En effet, la confiance chrétienne en un accomplissement futur s’est certes perdue pour la conscience moderne, mais la vision de l’avenir en tant que tel est demeurée dominante. Elle a pénétré toute la pensée occidentale, appelée improprement -à mon sens- « postchrétienne », et toute préoccupation touchant à l’histoire, son pourquoi, son sens et son but. Ce ne sont pas seulement la philosophie du progrès radicalement profane de Condorcet, de Saint-Simon, de Compte et de Marx qui sont « eschatologiquement » motivées par l’avenir, positif, mais tout autant son renversement dans les théories d’un déclin qui progresse négativement. Dans cette ambivalence, le fatalisme du progrès actuellement régnant tient le milieu entre les deux. Dans les deux cas, on reste dans deux visions sécularisées du messianisme, dont l’une prédisait l’apocalypse, l’autre annonçait des jours meilleurs.
Malgré les critiques de cette vision linéaire et les retournements imprévisibles et inattendus du mouvement de l’Histoire et le paradigme de l’indéterminisme qui commence à gagner toutes les disciplines du savoir contemporain, désormais postmoderne, certains continuent encore à maintenir cette vision prophétique en annonçant « la fin de l’histoire » comme Francis Fukuyama ou un « choc des civilisations » comme Samuel Huntington.
Or on sait qu’aujourd’hui en matière du savoir humain on est loin des certitudes, même en sciences dites exactes. Nous devenons de plus en plus des socratiques. En effet plus le savoir scientifique et technoscientifique avance plus on découvre des zones abyssales de notre ignorance. La crise épistémologique a touché tous les domaines du savoir humain contemporain : les mathématiques avec le théorème d’incomplétude et d’indécidabilité de Gödel qui remet en cause le statut des mathématiques en tant que science exacte ; la physique quantique qui remet en cause le déterminisme de la physique classique, avec, en autres, son principe d’incertitude. Si les sciences exactes sont dans ce domine prédictif en totale crise que dire alors des sciences humaines.
L’histoire totale est donc une mission impossible. On ne peut comprendre les événements qu’après coup, pas avant. Tous les esprits qui se sont engagés à cerner sa complexité, ses dimensions et ses multiples strates n’ont abouti à rien. Ceux qui l’ont réduite à une discipline scientifique ou à une idéologie politique ont finit par élaborer des systèmes totalitaires sous le prétexte d’assurer un bonheur aux peuples. Un bonheur devenu obligé, assuré par les hommes pour les hommes, et même contre leur grès.
L’erreur viendrait alors de ce mélange des genres et la confusion entre les répertoires de l’Histoire d’une part et la théologie, la philosophie, les sciences exactes ou la morale d’autre part.

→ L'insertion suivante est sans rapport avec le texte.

(* The tangent cone tau = tau(T,x) contains T, and the closure of tau contains the whole line
   through x.  Consequently, for z in tau and small s > 0 the Funk gauges of T at x + s z and of
   tau at z agree up to the scale s:  M_tau(y/z) <= s M_T(y/(x + s z)) always, and for each fixed
   y in T the reverse inequality holds up to a factor close to 1 once s is small; moreover
   M_tau((x + s w)/z) = s M_tau(w/z).  Take an F_tau-almost-geodesic z_n with Funk limit h
   (the constant sequence p if h = f_{tau,p}) and choose scales s_n inductively so that these
   estimates hold with error 2^-n on a growing finite subset of T with dense union.  The points
   x_n = x + s_n z_n then satisfy F_T(y,x_n) = F_tau(y,z_n) - log s_n + o(1), which transfers the
   almost-geodesic property and the Funk limit h (first on the dense set, then everywhere by
   local uniform continuity of F_T(-,u)).  Since x_n -> x, also M_T(x_n/y) -> M_T(x/y), giving
   the reverse Funk limit r_{T,x}, and M_T(x/x_n) -> 1 makes the reverse Funk steps summable. *)

section \<open>Open cones\<close>

lemma open_cone_scaleR: "open_cone S \<Longrightarrow> y \<in> S \<Longrightarrow> c > 0 \<Longrightarrow> c *\<^sub>R y \<in> S"
  unfolding open_cone_def by blast

lemma open_cone_ball:
  assumes "open_cone S" "u \<in> S"
  obtains r where "r > 0" "ball u r \<subseteq> S"
proof -
  have "open S"
    using assms(1) by (simp add: open_cone_def)
  then show ?thesis
    using assms(2) that open_contains_ball by blast
qed

lemma open_cone_add:
  assumes "open_cone S" "y \<in> S" "z \<in> S"
  shows "y + z \<in> S"
proof -
  have "(1/2) *\<^sub>R y + (1/2) *\<^sub>R z \<in> S"
    using assms by (intro convexD) (auto simp: open_cone_def)
  from open_cone_scaleR[OF assms(1) this, of 2] show ?thesis
    by (simp add: scaleR_add_right)
qed

lemma zero_in_closure_open_cone:
  assumes "open_cone S"
  shows "0 \<in> closure S"
proof -
  obtain t where t: "t \<in> S"
    using assms unfolding open_cone_def by blast
  have "((\<lambda>c. c *\<^sub>R t) \<longlongrightarrow> 0 *\<^sub>R t) (at_right 0)"
    by (intro tendsto_intros)
  moreover have "eventually (\<lambda>c. c *\<^sub>R t \<in> closure S) (at_right (0::real))"
    using eventually_at_right_less[of 0]
    by eventually_elim (use open_cone_scaleR[OF assms t] closure_subset in blast)
  ultimately show ?thesis
    by (intro Lim_in_closed_set[of _ "\<lambda>c. c *\<^sub>R t"]) auto
qed

lemma closure_open_cone_scaleR:
  assumes "open_cone S" "y \<in> closure S" "c \<ge> 0"
  shows "c *\<^sub>R y \<in> closure S"
proof (cases "c = 0")
  case True
  then show ?thesis using zero_in_closure_open_cone[OF assms(1)] by simp
next
  case False
  have "c *\<^sub>R y \<in> closure ((*\<^sub>R) c ` S)"
    using assms(2) closure_scaleR[of c S] by blast
  also have "\<dots> \<subseteq> closure S"
    using assms(1,3) False unfolding open_cone_def by (intro closure_mono) auto
  finally show ?thesis .
qed

lemma closure_open_cone_add:
  assumes "open_cone S" "y \<in> closure S" "z \<in> closure S"
  shows "y + z \<in> closure S"
proof -
  have "(1/2) *\<^sub>R y + (1/2) *\<^sub>R z \<in> closure S"
    using assms by (intro convexD convex_closure) (auto simp: open_cone_def)
  from closure_open_cone_scaleR[OF assms(1) this, of 2] show ?thesis
    by (simp add: scaleR_add_right)
qed

lemma open_cone_add_closure:
  assumes "open_cone S" "y \<in> S" "z \<in> closure S"
  shows "y + z \<in> S"
proof -
  obtain r where r: "r > 0" "ball y r \<subseteq> S"
    using open_cone_ball[OF assms(1,2)] .
  obtain z' where z': "z' \<in> S" "dist z' z < r"
    using assms(3) r(1) unfolding closure_approachable by blast
  have "y + (z - z') \<in> S"
    using r z'(2) by (auto simp: dist_norm norm_minus_commute)
  from open_cone_add[OF assms(1) this z'(1)] show ?thesis by simp
qed

lemma uminus_notin_closure_open_cone: "open_cone S \<Longrightarrow> y \<in> S \<Longrightarrow> - y \<notin> closure S"
  using open_cone_add_closure[of S y "- y"] by (auto simp: open_cone_def)

lemma open_dense_range:
  fixes S :: "'a::euclidean_space set"
  assumes "open S" "S \<noteq> {}"
  obtains d :: "nat \<Rightarrow> 'a" where "range d \<subseteq> S" "S \<subseteq> closure (range d)"
proof -
  obtain D :: "'a set" where D: "countable D" "\<And>X. open X \<Longrightarrow> X \<noteq> {} \<Longrightarrow> \<exists>d\<in>D. d \<in> X"
    by (rule countable_dense_setE) blast
  have dense: "\<exists>d\<in>D \<inter> S. dist d y < e" if "y \<in> S" "e > 0" for y e
  proof -
    have "open (ball y e \<inter> S)" "y \<in> ball y e \<inter> S"
      using assms(1) that by auto
    then obtain d where "d \<in> D" "d \<in> ball y e \<inter> S"
      using D(2) by blast
    then show ?thesis
      by (auto simp: dist_commute)
  qed
  obtain y0 where "y0 \<in> S"
    using assms(2) by blast
  then have "D \<inter> S \<noteq> {}"
    using dense[OF _ zero_less_one] by blast
  then have range: "range (from_nat_into (D \<inter> S)) = D \<inter> S"
    using D(1) by simp
  show ?thesis
  proof (rule that[of "from_nat_into (D \<inter> S)"])
    show "range (from_nat_into (D \<inter> S)) \<subseteq> S"
      unfolding range by blast
    show "S \<subseteq> closure (range (from_nat_into (D \<inter> S)))"
      unfolding range subset_iff closure_approachable using dense by blast
  qed
qed

section \<open>The Funk gauge\<close>

definition dominating_scalars :: "'a::euclidean_space set \<Rightarrow> 'a \<Rightarrow> 'a \<Rightarrow> real set" where
  "dominating_scalars S y u = {c. c > 0 \<and> c *\<^sub>R u - y \<in> closure S}"

lemma funkM_eq_Inf: "funkM S y u = Inf (dominating_scalars S y u)"
  unfolding funkM_def dominating_scalars_def cone_le_def by simp

lemma dominating_scalars_ball:
  assumes S: "open_cone S" and r: "r > 0" "ball u r \<subseteq> S" and c: "c > norm y / r"
  shows "c \<in> dominating_scalars S y u"
proof -
  have c0: "c > 0"
    using c r by (smt (verit) divide_nonneg_pos norm_ge_zero)
  have "norm ((1/c) *\<^sub>R y) < r"
    using c c0 r by (simp add: field_simps)
  then have "u - (1/c) *\<^sub>R y \<in> S"
    using r by (auto simp: dist_norm)
  from open_cone_scaleR[OF S this c0] have "c *\<^sub>R u - y \<in> S"
    using c0 by (simp add: scaleR_diff_right)
  then show ?thesis
    using c0 closure_subset unfolding dominating_scalars_def by auto
qed

lemma dominating_scalars_nonempty: "open_cone S \<Longrightarrow> u \<in> S \<Longrightarrow> dominating_scalars S y u \<noteq> {}"
  by (metis open_cone_ball dominating_scalars_ball empty_iff gt_ex)

lemma bdd_below_dominating_scalars: "bdd_below (dominating_scalars S y u)"
  unfolding dominating_scalars_def by (intro bdd_belowI[of _ 0]) auto

lemma dominating_scalars_upward:
  assumes S: "open_cone S" "u \<in> S" and c: "c \<in> dominating_scalars S y u" "c \<le> c'"
  shows "c' \<in> dominating_scalars S y u"
proof (cases "c' = c")
  case False
  then have "(c' - c) *\<^sub>R u \<in> S"
    using S c by (intro open_cone_scaleR) auto
  from open_cone_add_closure[OF S(1) this, of "c *\<^sub>R u - y"] c False show ?thesis
    using closure_subset unfolding dominating_scalars_def by (auto simp: algebra_simps)
qed (use c in auto)

lemma funkM_le: "c \<in> dominating_scalars S y u \<Longrightarrow> funkM S y u \<le> c"
  unfolding funkM_eq_Inf by (rule cInf_lower[OF _ bdd_below_dominating_scalars])

lemma funkM_geI:
  assumes "open_cone S" "u \<in> S" "\<And>c. c \<in> dominating_scalars S y u \<Longrightarrow> a \<le> c"
  shows "a \<le> funkM S y u"
  unfolding funkM_eq_Inf using dominating_scalars_nonempty[OF assms(1,2)] assms(3)
  by (rule cInf_greatest)

lemma funkM_nonneg: "open_cone S \<Longrightarrow> u \<in> S \<Longrightarrow> 0 \<le> funkM S y u"
  by (rule funkM_geI) (auto simp: dominating_scalars_def)

lemma dominating_scalars_if_funkM_less:
  assumes "open_cone S" "u \<in> S" "funkM S y u < c"
  shows "c \<in> dominating_scalars S y u"
proof -
  obtain c' where "c' \<in> dominating_scalars S y u" "c' < c"
    using assms(3) cInf_less_iff[OF dominating_scalars_nonempty[OF assms(1,2)] bdd_below_dominating_scalars]
    unfolding funkM_eq_Inf by blast
  then show ?thesis
    using dominating_scalars_upward[OF assms(1,2)] by auto
qed

lemma funkM_leI:
  assumes "open_cone S" "u \<in> S" "\<And>c. c > a \<Longrightarrow> c \<in> dominating_scalars S y u"
  shows "funkM S y u \<le> a"
proof (rule ccontr)
  assume "\<not> ?thesis"
  then have "(funkM S y u + a) / 2 \<in> dominating_scalars S y u"
    by (intro assms(3)) auto
  from funkM_le[OF this] \<open>\<not> ?thesis\<close> show False by auto
qed

lemma funkM_le_scaled:
  assumes "open_cone S" "u \<in> S" "open_cone S'" "u' \<in> S'" "a > 0"
    and "\<And>c. c \<in> dominating_scalars S y u \<Longrightarrow> a * c \<in> dominating_scalars S' y' u'"
  shows "funkM S' y' u' \<le> a * funkM S y u"
proof (rule funkM_leI[OF assms(3,4)])
  fix c assume "c > a * funkM S y u"
  then have "c / a \<in> dominating_scalars S y u"
    using assms(5) by (intro dominating_scalars_if_funkM_less[OF assms(1,2)]) (simp add: field_simps)
  from assms(6)[OF this] show "c \<in> dominating_scalars S' y' u'"
    using assms(5) by simp
qed

lemma funkM_mono:
  assumes S: "open_cone S" "u \<in> S" and a: "a > 0" and le: "a *\<^sub>R d - y \<in> closure S"
  shows "funkM S y u \<le> a * funkM S d u"
proof (rule funkM_le_scaled[OF S S a])
  fix c assume c: "c \<in> dominating_scalars S d u"
  have "a *\<^sub>R (c *\<^sub>R u - d) + (a *\<^sub>R d - y) \<in> closure S"
    using c a le by (intro closure_open_cone_add closure_open_cone_scaleR S)
      (auto simp: dominating_scalars_def)
  moreover have "a *\<^sub>R (c *\<^sub>R u - d) + (a *\<^sub>R d - y) = (a * c) *\<^sub>R u - y"
    by (simp add: algebra_simps)
  ultimately show "a * c \<in> dominating_scalars S y u"
    using a c by (simp add: dominating_scalars_def)
qed

lemma funkM_pos:
  assumes S: "open_cone S" "u \<in> S" and y: "- y \<notin> closure S"
  shows "funkM S y u > 0"
proof -
  obtain r where r: "r > 0" "ball (-y) r \<subseteq> - closure S"
    using open_contains_ball[of "- closure S"] y by blast
  have u: "norm u > 0"
    using S by (auto simp: open_cone_def)
  have "r / norm u \<le> funkM S y u"
  proof (rule funkM_geI[OF S])
    fix c assume c: "c \<in> dominating_scalars S y u"
    then have "c *\<^sub>R u - y \<notin> ball (-y) r"
      using r unfolding dominating_scalars_def by auto
    then have "r \<le> c * norm u"
      using c by (simp add: dist_norm dominating_scalars_def)
    then show "r / norm u \<le> c"
      using u by (simp add: divide_le_eq)
  qed
  moreover have "r / norm u > 0"
    using r u by simp
  ultimately show ?thesis by linarith
qed

lemma funkM_pos_in: "open_cone S \<Longrightarrow> u \<in> S \<Longrightarrow> y \<in> S \<Longrightarrow> funkM S y u > 0"
  by (rule funkM_pos) (auto dest: uminus_notin_closure_open_cone)

lemma funkM_le_norm:
  assumes S: "open_cone S" "u \<in> S" and r: "r > 0" "ball u r \<subseteq> S"
  shows "funkM S y u \<le> norm y / r"
  by (rule funkM_leI[OF S]) (rule dominating_scalars_ball[OF S(1) r])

Tout ce que nous pouvons faire c’est d’agir d’une façon juste au niveau de notre réalité présente. Le passé est passé, l’avenir reste inconnu. Nous sommes rendus à cette modeste condition. Et c’est dans cette perspective que se situe justement la concentration du temps dans le présent.

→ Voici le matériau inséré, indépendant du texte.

(* Let $F:\mathbb{R}^d\to\mathbb{R}^d$ be $L$-Lipschitz and $\mu$-quasi strongly monotone with respect to $x^*$ where $F(x^* )=0$. Consider the deterministic past extragradient method: given $x_0$, $\hat x_{-1}=x_0$, and for $k\ge0$, $\hat x_k=x_k-\omega F(\hat x_{k-1})$, $x_{k+1}=x_k-\omega F(\hat x_k)$, with $0<\omega\le\frac1{4L}$. Then for all $k\ge0$, $$R_k^2\le\Big(1-\frac{\omega\mu}{2}\Big)^kR_0^2,\qquad R_k^2:=\|x_k-x^*\|^2+\|x_k-\hat x_{k-1}\|^2 .$$
   Context: $L$-Lipschitz: $\|F(x)-F(y)\|\le L\|x-y\|$. $\mu$-quasi strongly monotone ($\mu>0$): $\langle F(x),x-x^*\rangle\ge\mu\|x-x^*\|^2$ for all $x$. (This is the special case of stochastic past extragradient with exact operator evaluations, i.e. Expected Residual parameter $\delta=0$ and $\sigma_*^2=0$.) *)

theory Defs
  imports "HOL-Analysis.Analysis"
begin

text \<open>Deterministic past extragradient. pe_state F w x0 k = (x_k, xhat_{k-1}),
with xhat_{-1} = x0, xhat_k = x_k - w F(xhat_{k-1}), x_{k+1} = x_k - w F(xhat_k).\<close>

primrec pe_state :: "('a::real_normed_vector \<Rightarrow> 'a) \<Rightarrow> real \<Rightarrow> 'a \<Rightarrow> nat \<Rightarrow> 'a \<times> 'a" where
  "pe_state F w x0 0 = (x0, x0)"
| "pe_state F w x0 (Suc k) =
     (let xk = fst (pe_state F w x0 k);
          xh = xk - w *\<^sub>R F (snd (pe_state F w x0 k))
      in (xk - w *\<^sub>R F xh, xh))"

definition pe_x :: "('a::real_normed_vector \<Rightarrow> 'a) \<Rightarrow> real \<Rightarrow> 'a \<Rightarrow> nat \<Rightarrow> 'a" where
  "pe_x F w x0 k = fst (pe_state F w x0 k)"

definition pe_xhat :: "('a::real_normed_vector \<Rightarrow> 'a) \<Rightarrow> real \<Rightarrow> 'a \<Rightarrow> nat \<Rightarrow> 'a" where
  "pe_xhat F w x0 k = snd (pe_state F w x0 (Suc k))"

definition pe_xhat_prev :: "('a::real_normed_vector \<Rightarrow> 'a) \<Rightarrow> real \<Rightarrow> 'a \<Rightarrow> nat \<Rightarrow> 'a" where
  "pe_xhat_prev F w x0 k = snd (pe_state F w x0 k)"

end

theory Submission
  imports Defs
begin

text \<open>With \<open>g' = F xhat_{k-1}\<close> and \<open>g = F xhat_k\<close>, expanding squares gives the exact identity
  \<open>R_{k+1} = |x_k - x*|^2 - 2\<omega> <g, xhat_k - x*> + 2\<omega>^2 |g - g'|^2 - \<omega>^2 |g'|^2\<close>.
  Quasi strong monotonicity at \<open>xhat_k\<close> bounds the inner product below by \<open>\<mu> |xhat_k - x*|^2\<close>,
  which is at least \<open>|x_k - x*|^2/2 - \<omega>^2 |g'|^2\<close>; Lipschitz continuity bounds \<open>|g - g'|^2\<close> by
  \<open>L^2 |xhat_k - xhat_{k-1}|^2 \<le> 2L^2 (\<omega>^2 |g'|^2 + |x_k - xhat_{k-1}|^2)\<close>. Since \<open>\<omega>\<mu> \<le> \<omega>L \<le> 1/4\<close>,
  the total coefficient of \<open>|g'|^2\<close> is nonpositive, leaving
  \<open>R_{k+1} \<le> (1 - \<omega>\<mu>) |x_k - x*|^2 + |x_k - xhat_{k-1}|^2/4 \<le> (1 - \<omega>\<mu>/2) R_k\<close>.\<close>

lemma norm_add_squared_le: "(norm (a + b))\<^sup>2 \<le> 2 * (norm a)\<^sup>2 + 2 * (norm b)\<^sup>2"
proof -
  have "(norm (a + b))\<^sup>2 \<le> (norm a + norm b)\<^sup>2"
    by (simp add: norm_triangle_ineq power_mono)
  also have "\<dots> \<le> 2 * (norm a)\<^sup>2 + 2 * (norm b)\<^sup>2"
    using zero_le_power2[of "norm a - norm b"] by (simp add: power2_eq_square algebra_simps)
  finally show ?thesis .
qed

lemma quasi_strongly_monotone_le_lipschitz:
  fixes F :: "'a::euclidean_space \<Rightarrow> 'a"
  assumes "\<And>x y. norm (F x - F y) \<le> L * norm (x - y)"
    and "\<And>x. inner (F x) (x - xstar) \<ge> \<mu> * (norm (x - xstar))\<^sup>2"
    and "F xstar = 0"
  shows "\<mu> \<le> L"
proof -
  obtain v :: 'a where "norm v = 1"
    using nonempty_Basis norm_Basis by blast
  then have "\<mu> = \<mu> * (norm (xstar + v - xstar))\<^sup>2" by simp
  also have "\<dots> \<le> inner (F (xstar + v)) (xstar + v - xstar)" by (rule assms(2))
  also have "\<dots> \<le> norm (F (xstar + v) - F xstar) * norm (xstar + v - xstar)"
    using norm_cauchy_schwarz assms(3) by simp
  also have "\<dots> \<le> L" using assms(1)[of "xstar + v" xstar] \<open>norm v = 1\<close> by simp
  finally show ?thesis .
qed

lemma past_extragradient_step_identity:
  fixes x xstar g g' :: "'a::real_inner"
  assumes "xh = x - \<omega> *\<^sub>R g'" and "x' = x - \<omega> *\<^sub>R g"
  shows "(norm (x' - xstar))\<^sup>2 + (norm (x' - xh))\<^sup>2
    = (norm (x - xstar))\<^sup>2 - 2 * \<omega> * inner g (xh - xstar)
      + 2 * \<omega>\<^sup>2 * (norm (g - g'))\<^sup>2 - \<omega>\<^sup>2 * (norm g')\<^sup>2"
  unfolding assms power2_norm_eq_inner
  by (simp add: inner_diff_left inner_diff_right inner_commute algebra_simps power2_eq_square)

lemma past_extragradient_step_contraction:
  fixes F :: "'a::real_inner \<Rightarrow> 'a" and x xh' xstar :: 'a
  assumes lip: "\<And>x y. norm (F x - F y) \<le> L * norm (x - y)"
    and qsm: "\<And>x. inner (F x) (x - xstar) \<ge> \<mu> * (norm (x - xstar))\<^sup>2"
    and "0 \<le> \<mu>" "\<mu> \<le> L" "0 < \<omega>" "\<omega> * L \<le> 1/4"
  defines "xh \<equiv> x - \<omega> *\<^sub>R F xh'"
  shows "(norm (x - \<omega> *\<^sub>R F xh - xstar))\<^sup>2 + (norm (x - \<omega> *\<^sub>R F xh - xh))\<^sup>2
    \<le> (1 - \<omega> * \<mu> / 2) * ((norm (x - xstar))\<^sup>2 + (norm (x - xh'))\<^sup>2)"
proof -
  define A where "A = (norm (x - xstar))\<^sup>2"
  define B where "B = (norm (x - xh'))\<^sup>2"
  define W where "W = \<omega>\<^sup>2 * (norm (F xh'))\<^sup>2"
  define s where "s = \<omega> * \<mu>"
  define t where "t = \<omega> * L"
  have "0 \<le> s" "s \<le> t" "t \<le> 1/4"
    using assms(3-6) unfolding s_def t_def by (auto intro: mult_left_mono)
  then have "t\<^sup>2 \<le> 1/16"
    using power_mono[of t "1/4" 2] by (simp add: power_divide)
  have "A \<ge> 0" "B \<ge> 0" "W \<ge> 0" unfolding A_def B_def W_def by simp_all
  have qsm_at_xh: "s * (norm (xh - xstar))\<^sup>2 \<le> \<omega> * inner (F xh) (xh - xstar)"
    using mult_left_mono[OF qsm[of xh], of \<omega>] \<open>0 < \<omega>\<close> unfolding s_def by simp
  have "A \<le> 2 * (norm (xh - xstar))\<^sup>2 + 2 * W"
    using norm_add_squared_le[of "xh - xstar" "\<omega> *\<^sub>R F xh'"] \<open>0 < \<omega>\<close>
    unfolding A_def W_def xh_def by (simp add: power_mult_distrib)
  then have xh_lower: "s * (A / 2 - W) \<le> s * (norm (xh - xstar))\<^sup>2"
    using \<open>0 \<le> s\<close> by (intro mult_left_mono) auto
  have lip_sq: "(norm (F xh - F xh'))\<^sup>2 \<le> L\<^sup>2 * (norm (xh - xh'))\<^sup>2"
    using power_mono[OF lip[of xh xh'] norm_ge_zero, of 2] by (simp add: power_mult_distrib)
  have lip_scaled: "\<omega>\<^sup>2 * (norm (F xh - F xh'))\<^sup>2 \<le> t\<^sup>2 * (norm (xh - xh'))\<^sup>2"
    using mult_left_mono[OF lip_sq, of "\<omega>\<^sup>2"] unfolding t_def by (simp add: power_mult_distrib mult.assoc)
  have "(norm (xh - xh'))\<^sup>2 \<le> 2 * B + 2 * W"
    using norm_add_squared_le[of "x - xh'" "- (\<omega> *\<^sub>R F xh')"] \<open>0 < \<omega>\<close>
    unfolding B_def W_def xh_def by (simp add: power_mult_distrib algebra_simps)
  then have drift: "t\<^sup>2 * (norm (xh - xh'))\<^sup>2 \<le> t\<^sup>2 * (2 * B + 2 * W)"
    by (intro mult_left_mono) auto
  have "(2 * s + 4 * t\<^sup>2 - 1) * W \<le> 0"
    using \<open>s \<le> t\<close> \<open>t \<le> 1/4\<close> \<open>t\<^sup>2 \<le> 1/16\<close> \<open>W \<ge> 0\<close> by (intro mult_nonpos_nonneg) auto
  have "4 * t\<^sup>2 * B \<le> B / 4"
    using mult_right_mono[OF \<open>t\<^sup>2 \<le> 1/16\<close> \<open>B \<ge> 0\<close>] by simp
  have "(norm (x - \<omega> *\<^sub>R F xh - xstar))\<^sup>2 + (norm (x - \<omega> *\<^sub>R F xh - xh))\<^sup>2
      = A - 2 * (\<omega> * inner (F xh) (xh - xstar)) + 2 * (\<omega>\<^sup>2 * (norm (F xh - F xh'))\<^sup>2) - W"
    using past_extragradient_step_identity[OF xh_def[THEN meta_eq_to_obj_eq] refl, where xstar=xstar]
    unfolding A_def W_def by simp
  also have "\<dots> \<le> A - 2 * s * (A / 2 - W) + 2 * t\<^sup>2 * (2 * B + 2 * W) - W"
    using qsm_at_xh xh_lower lip_scaled drift by simp
  also have "\<dots> = (1 - s) * A + 4 * t\<^sup>2 * B + (2 * s + 4 * t\<^sup>2 - 1) * W"
    by (simp add: algebra_simps)
  also have "\<dots> \<le> (1 - s) * A + B / 4"
    using \<open>(2 * s + 4 * t\<^sup>2 - 1) * W \<le> 0\<close> \<open>4 * t\<^sup>2 * B \<le> B / 4\<close> by simp
  also have "\<dots> \<le> (1 - s / 2) * (A + B)"
  proof -
    have "0 \<le> s * A" "s * B \<le> B / 4"
      using \<open>0 \<le> s\<close> \<open>A \<ge> 0\<close> \<open>B \<ge> 0\<close> \<open>s \<le> t\<close> \<open>t \<le> 1/4\<close> mult_right_mono[of s "1/4" B]
      by simp_all
    moreover have "(1 - s / 2) * (A + B) - ((1 - s) * A + B / 4) = s * A / 2 + 3 * B / 4 - s * B / 2"
      by (simp add: field_simps)
    ultimately show ?thesis using \<open>B \<ge> 0\<close> by linarith
  qed
  finally show ?thesis unfolding A_def B_def s_def .
qed

definition pe_potential :: "('a::real_normed_vector \<Rightarrow> 'a) \<Rightarrow> real \<Rightarrow> 'a \<Rightarrow> 'a \<Rightarrow> nat \<Rightarrow> real" where
  "pe_potential F \<omega> x0 xstar k =
     (norm (pe_x F \<omega> x0 k - xstar))\<^sup>2 + (norm (pe_x F \<omega> x0 k - pe_xhat_prev F \<omega> x0 k))\<^sup>2"

lemma pe_xhat_prev_Suc:
  "pe_xhat_prev F \<omega> x0 (Suc k) = pe_x F \<omega> x0 k - \<omega> *\<^sub>R F (pe_xhat_prev F \<omega> x0 k)"
  by (simp add: pe_x_def pe_xhat_prev_def Let_def)

lemma pe_x_Suc:
  "pe_x F \<omega> x0 (Suc k) = pe_x F \<omega> x0 k - \<omega> *\<^sub>R F (pe_xhat_prev F \<omega> x0 (Suc k))"
  by (simp add: pe_x_def pe_xhat_prev_def Let_def)

lemma pe_potential_Suc_le:
  fixes F :: "'a::real_inner \<Rightarrow> 'a"
  assumes "\<And>x y. norm (F x - F y) \<le> L * norm (x - y)"
    and "\<And>x. inner (F x) (x - xstar) \<ge> \<mu> * (norm (x - xstar))\<^sup>2"
    and "0 \<le> \<mu>" "\<mu> \<le> L" "0 < \<omega>" "\<omega> * L \<le> 1/4"
  shows "pe_potential F \<omega> x0 xstar (Suc k) \<le> (1 - \<omega> * \<mu> / 2) * pe_potential F \<omega> x0 xstar k"
  using past_extragradient_step_contraction[OF assms,
      of "pe_x F \<omega> x0 k" "pe_xhat_prev F \<omega> x0 k"]
  unfolding pe_potential_def pe_x_Suc[of F \<omega> x0 k] pe_xhat_prev_Suc by simp

lemma le_power_mult_of_Suc_le_mult:
  fixes f :: "nat \<Rightarrow> 'a::linordered_semidom"
  assumes "0 \<le> q" and "\<And>k. f (Suc k) \<le> q * f k"
  shows "f k \<le> q ^ k * f 0"
proof (induction k)
  case 0
  show ?case by simp
next
  case (Suc k)
  have "f (Suc k) \<le> q * f k" by (rule assms(2))
  also have "\<dots> \<le> q * (q ^ k * f 0)" using Suc.IH assms(1) by (rule mult_left_mono)
  finally show ?case by (simp add: mult.assoc)
qed

theorem corollary4p2:
  fixes F :: "real ^ 'd \<Rightarrow> real ^ 'd" and xstar x0 :: "real ^ 'd"
    and L \<mu> \<omega> :: real and k :: nat
  assumes lip: "\<And>x y. norm (F x - F y) \<le> L * norm (x - y)"
    and qsm: "\<mu> > 0" "\<And>x. inner (F x) (x - xstar) \<ge> \<mu> * (norm (x - xstar))\<^sup>2"
    and root: "F xstar = 0"
    and step: "0 < \<omega>" "\<omega> \<le> 1 / (4 * L)"
  shows "(norm (pe_x F \<omega> x0 k - xstar))\<^sup>2 + (norm (pe_x F \<omega> x0 k - pe_xhat_prev F \<omega> x0 k))\<^sup>2
         \<le> (1 - \<omega> * \<mu> / 2) ^ k * ((norm (pe_x F \<omega> x0 0 - xstar))\<^sup>2 + (norm (pe_x F \<omega> x0 0 - pe_xhat_prev F \<omega> x0 0))\<^sup>2)"
proof -
  have "0 < 1 / (4 * L)"
    using step by linarith
  then have "L > 0" by simp
  have "\<mu> \<le> L"
    using lip qsm(2) root by (rule quasi_strongly_monotone_le_lipschitz)
  have "\<omega> * L \<le> 1/4"
    using step \<open>L > 0\<close> by (simp add: field_simps)
  moreover have "\<omega> * \<mu> \<le> \<omega> * L"
    using \<open>\<mu> \<le> L\<close> step(1) by simp
  ultimately have "0 \<le> 1 - \<omega> * \<mu> / 2" by linarith
  then have "pe_potential F \<omega> x0 xstar k \<le> (1 - \<omega> * \<mu> / 2) ^ k * pe_potential F \<omega> x0 xstar 0"
    using pe_potential_Suc_le[OF lip qsm(2) less_imp_le[OF qsm(1)] \<open>\<mu> \<le> L\<close> step(1)
        \<open>\<omega> * L \<le> 1/4\<close>]
    by (rule le_power_mult_of_Suc_le_mult)
  then show ?thesis unfolding pe_potential_def .
qed

end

Or notre présent aujourd’hui est marqué par une diversité qu’il faudrait gérer, et qui est l’une des grandes révélations de notre humanité postmoderne. C’est à ce niveau que l’appel du Coran reste d’une actualité criante. Il consiste à souligner que jamais l’humanité ne sera homogène en matière culturelle ou dans le domaine des convictions philosophiques et religieuses. « Si Dieu l’avait voulu, il aurait fait de vous une seule communauté [2] ». Toute entreprise de conversion de l’autre à ses propres convictions, à sa propre civilisation, à ses propres valeurs et vérités est impossible. Toute tentative d’uniformisation de notre humanité est contre le Destin de Dieu, contre Sa volonté. Il y a ici matière pour un fatalisme éclairé qui prend l’histoire telle qu’elle se présente. À ce titre nous avons plus besoin d’une théologie de la réalité qu’une théologie de l’histoire.
[1] dans son livre « Droit, législation, liberté ».
[2] Coran (5, 48).
Tareq Oubrou – Vision musulmane eschatologique.